Items from a dataset

lemma linear_local_sym: "Vector_Spaces.linear fscale fscale (local_sym H k)"
  by (rule linear_fscaleI)
    (simp_all add: local_sym_def fscale_def fun_eq_iff sum.distrib distrib_left sum_distrib_left
      mult.left_commute)

lemma linear_local_enc: "Vector_Spaces.linear fscale fscale (local_enc H g k r h)"
proof -
  interpret L: Vector_Spaces.linear fscale fscale "local_sym H k"
    by (rule linear_local_sym)
  show ?thesis
    by (rule linear_fscaleI)
      (simp_all add: local_enc_def L.add L.scale[unfolded fscale_def] fscale_def fun_eq_iff
        sum.distrib sum_distrib_left)
qed

lemma MR_local_weight:
  assumes "MR_local H g k r h" and "picks_one E (local_group g k h) ((k + h) div r)"
    and "x \<in> msgs k" and "restrict_word (- E) (local_enc H g k r h x) \<noteq> 0"
  shows "h + 1 \<le> hweight ({0..<k + h + (k + h) div r} - E) (restrict_word (- E) (local_enc H g k r h x))"
proof -
  have "is_MDS (puncture (local_code H g k r h) E) ({0..<k + h + (k + h) div r} - E) (k + h) k"
    using assms(1,2) by (simp add: MR_local_def)
  moreover have "restrict_word (- E) (local_enc H g k r h x) \<in> puncture (local_code H g k r h) E"
    using assms(3) by (simp add: puncture_eq_image_restrict_word local_code_def)
  ultimately show ?thesis
    using assms(4) by (simp add: is_MDS_def has_min_dist_def)
qed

The task: An exact copy of every entry above is the expected answer.

Result of the task:
lemma linear_local_sym: "Vector_Spaces.linear fscale fscale (local_sym H k)"
  by (rule linear_fscaleI)
    (simp_all add: local_sym_def fscale_def fun_eq_iff sum.distrib distrib_left sum_distrib_left
      mult.left_commute)

lemma linear_local_enc: "Vector_Spaces.linear fscale fscale (local_enc H g k r h)"
proof -
  interpret L: Vector_Spaces.linear fscale fscale "local_sym H k"
    by (rule linear_local_sym)
  show ?thesis
    by (rule linear_fscaleI)
      (simp_all add: local_enc_def L.add L.scale[unfolded fscale_def] fscale_def fun_eq_iff
        sum.distrib sum_distrib_left)
qed

lemma MR_local_weight:
  assumes "MR_local H g k r h" and "picks_one E (local_group g k h) ((k + h) div r)"
    and "x \<in> msgs k" and "restrict_word (- E) (local_enc H g k r h x) \<noteq> 0"
  shows "h + 1 \<le> hweight ({0..<k + h + (k + h) div r} - E) (restrict_word (- E) (local_enc H g k r h x))"
proof -
  have "is_MDS (puncture (local_code H g k r h) E) ({0..<k + h + (k + h) div r} - E) (k + h) k"
    using assms(1,2) by (simp add: MR_local_def)
  moreover have "restrict_word (- E) (local_enc H g k r h x) \<in> puncture (local_code H g k r h) E"
    using assms(3) by (simp add: puncture_eq_image_restrict_word local_code_def)
  ultimately show ?thesis
    using assms(4) by (simp add: is_MDS_def has_min_dist_def)
qed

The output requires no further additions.